▸ **Problem description**
Whenever a line in the material below includes "thesis", copy that line.

▸ **Task material**
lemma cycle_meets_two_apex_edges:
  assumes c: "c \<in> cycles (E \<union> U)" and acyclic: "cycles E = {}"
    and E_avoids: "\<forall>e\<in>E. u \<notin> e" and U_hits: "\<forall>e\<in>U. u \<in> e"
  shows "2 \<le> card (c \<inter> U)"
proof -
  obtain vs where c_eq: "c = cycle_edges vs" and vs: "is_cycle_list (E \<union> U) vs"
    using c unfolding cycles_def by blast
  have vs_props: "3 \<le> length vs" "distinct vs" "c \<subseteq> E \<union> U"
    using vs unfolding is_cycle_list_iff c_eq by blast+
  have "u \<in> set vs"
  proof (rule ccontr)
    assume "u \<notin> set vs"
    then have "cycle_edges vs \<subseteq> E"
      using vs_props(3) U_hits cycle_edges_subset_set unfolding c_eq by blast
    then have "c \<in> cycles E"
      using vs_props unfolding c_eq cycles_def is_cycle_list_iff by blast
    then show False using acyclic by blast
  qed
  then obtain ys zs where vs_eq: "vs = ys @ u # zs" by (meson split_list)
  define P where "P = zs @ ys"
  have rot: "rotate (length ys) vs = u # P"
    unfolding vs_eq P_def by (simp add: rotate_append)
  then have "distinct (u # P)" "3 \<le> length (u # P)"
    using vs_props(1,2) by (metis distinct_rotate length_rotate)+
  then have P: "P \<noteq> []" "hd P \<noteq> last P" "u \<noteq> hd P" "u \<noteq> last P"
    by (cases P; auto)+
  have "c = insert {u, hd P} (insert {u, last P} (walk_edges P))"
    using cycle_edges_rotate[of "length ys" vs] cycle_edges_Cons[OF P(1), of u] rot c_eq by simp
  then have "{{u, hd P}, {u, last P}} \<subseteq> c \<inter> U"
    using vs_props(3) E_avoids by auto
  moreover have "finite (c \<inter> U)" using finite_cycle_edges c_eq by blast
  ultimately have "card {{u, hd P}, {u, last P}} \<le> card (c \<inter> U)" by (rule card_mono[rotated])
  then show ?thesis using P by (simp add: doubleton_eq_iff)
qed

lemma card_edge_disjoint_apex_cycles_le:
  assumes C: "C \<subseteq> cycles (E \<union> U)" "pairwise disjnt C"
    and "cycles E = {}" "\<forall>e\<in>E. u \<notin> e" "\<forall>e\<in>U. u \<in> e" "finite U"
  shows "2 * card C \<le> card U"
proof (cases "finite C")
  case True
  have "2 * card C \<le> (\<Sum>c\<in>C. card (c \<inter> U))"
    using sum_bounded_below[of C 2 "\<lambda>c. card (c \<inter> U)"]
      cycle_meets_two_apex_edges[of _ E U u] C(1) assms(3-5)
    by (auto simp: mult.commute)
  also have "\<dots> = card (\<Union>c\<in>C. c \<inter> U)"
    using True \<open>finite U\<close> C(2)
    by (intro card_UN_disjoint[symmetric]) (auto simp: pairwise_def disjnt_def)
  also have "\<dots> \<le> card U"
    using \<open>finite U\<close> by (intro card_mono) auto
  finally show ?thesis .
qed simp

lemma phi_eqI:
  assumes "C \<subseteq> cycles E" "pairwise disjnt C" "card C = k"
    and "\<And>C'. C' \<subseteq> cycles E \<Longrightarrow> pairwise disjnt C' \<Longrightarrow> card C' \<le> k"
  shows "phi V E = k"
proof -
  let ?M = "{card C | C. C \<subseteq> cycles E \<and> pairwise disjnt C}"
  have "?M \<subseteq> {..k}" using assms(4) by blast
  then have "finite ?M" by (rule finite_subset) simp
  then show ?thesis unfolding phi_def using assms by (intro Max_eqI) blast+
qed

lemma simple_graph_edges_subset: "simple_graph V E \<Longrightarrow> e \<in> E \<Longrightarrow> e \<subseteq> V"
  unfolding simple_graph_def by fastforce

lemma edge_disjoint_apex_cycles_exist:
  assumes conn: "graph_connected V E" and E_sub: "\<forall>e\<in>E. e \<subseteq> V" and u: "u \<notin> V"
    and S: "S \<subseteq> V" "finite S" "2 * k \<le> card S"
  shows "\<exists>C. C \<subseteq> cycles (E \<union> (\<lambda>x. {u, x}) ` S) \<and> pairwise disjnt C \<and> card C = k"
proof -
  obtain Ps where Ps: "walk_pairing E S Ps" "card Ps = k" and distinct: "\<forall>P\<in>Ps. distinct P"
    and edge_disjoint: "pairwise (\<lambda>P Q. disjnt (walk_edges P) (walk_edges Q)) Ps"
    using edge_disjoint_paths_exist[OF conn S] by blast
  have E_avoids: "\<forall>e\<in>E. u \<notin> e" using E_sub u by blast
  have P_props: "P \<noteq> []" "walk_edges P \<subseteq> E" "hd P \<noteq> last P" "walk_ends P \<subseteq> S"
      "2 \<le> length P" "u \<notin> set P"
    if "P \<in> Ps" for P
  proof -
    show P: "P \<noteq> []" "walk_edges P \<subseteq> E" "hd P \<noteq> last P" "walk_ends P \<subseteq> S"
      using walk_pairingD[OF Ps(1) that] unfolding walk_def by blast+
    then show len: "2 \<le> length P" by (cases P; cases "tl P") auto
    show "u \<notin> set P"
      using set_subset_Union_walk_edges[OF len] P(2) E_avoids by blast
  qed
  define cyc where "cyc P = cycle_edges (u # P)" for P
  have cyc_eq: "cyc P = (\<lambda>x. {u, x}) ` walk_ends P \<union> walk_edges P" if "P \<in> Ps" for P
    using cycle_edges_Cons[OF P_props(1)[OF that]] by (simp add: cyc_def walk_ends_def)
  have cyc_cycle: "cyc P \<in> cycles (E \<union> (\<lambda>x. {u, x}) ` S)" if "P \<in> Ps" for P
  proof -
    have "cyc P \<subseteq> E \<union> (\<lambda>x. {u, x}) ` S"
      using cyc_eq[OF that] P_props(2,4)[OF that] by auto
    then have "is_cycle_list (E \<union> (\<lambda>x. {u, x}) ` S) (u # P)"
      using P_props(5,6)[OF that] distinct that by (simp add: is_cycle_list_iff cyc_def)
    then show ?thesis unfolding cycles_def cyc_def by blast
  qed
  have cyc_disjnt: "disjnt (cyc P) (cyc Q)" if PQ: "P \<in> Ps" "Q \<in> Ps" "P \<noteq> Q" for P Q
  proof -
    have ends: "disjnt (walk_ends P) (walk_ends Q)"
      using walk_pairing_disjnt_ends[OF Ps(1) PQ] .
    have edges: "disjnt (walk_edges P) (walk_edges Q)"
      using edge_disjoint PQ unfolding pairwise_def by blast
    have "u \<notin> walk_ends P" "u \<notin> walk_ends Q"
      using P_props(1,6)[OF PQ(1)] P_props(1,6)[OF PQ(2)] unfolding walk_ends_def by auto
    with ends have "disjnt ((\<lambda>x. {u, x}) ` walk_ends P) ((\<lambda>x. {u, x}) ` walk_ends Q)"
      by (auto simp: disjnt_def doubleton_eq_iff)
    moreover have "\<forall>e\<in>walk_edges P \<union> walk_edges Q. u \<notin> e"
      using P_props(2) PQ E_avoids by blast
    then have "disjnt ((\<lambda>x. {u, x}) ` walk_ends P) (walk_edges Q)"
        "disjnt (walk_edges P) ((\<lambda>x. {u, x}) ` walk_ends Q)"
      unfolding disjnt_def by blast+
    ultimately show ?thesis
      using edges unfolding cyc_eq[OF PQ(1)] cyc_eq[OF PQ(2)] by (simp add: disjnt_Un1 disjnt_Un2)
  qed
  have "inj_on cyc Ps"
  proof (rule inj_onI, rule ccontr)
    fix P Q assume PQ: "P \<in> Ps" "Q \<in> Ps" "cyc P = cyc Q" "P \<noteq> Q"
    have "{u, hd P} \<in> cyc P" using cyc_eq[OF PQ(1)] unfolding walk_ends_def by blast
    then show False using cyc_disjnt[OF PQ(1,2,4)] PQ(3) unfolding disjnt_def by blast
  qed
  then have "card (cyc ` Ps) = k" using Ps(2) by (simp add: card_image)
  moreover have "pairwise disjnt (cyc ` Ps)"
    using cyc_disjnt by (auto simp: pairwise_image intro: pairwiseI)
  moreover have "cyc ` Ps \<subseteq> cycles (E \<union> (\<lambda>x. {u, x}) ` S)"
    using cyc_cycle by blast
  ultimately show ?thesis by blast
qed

▸ **Solution for this problem**
  then show ?thesis using P by (simp add: doubleton_eq_iff)
  finally show ?thesis .
  then show ?thesis unfolding phi_def using assms by (intro Max_eqI) blast+
    then show ?thesis unfolding cycles_def cyc_def by blast
    ultimately show ?thesis
  ultimately show ?thesis by blast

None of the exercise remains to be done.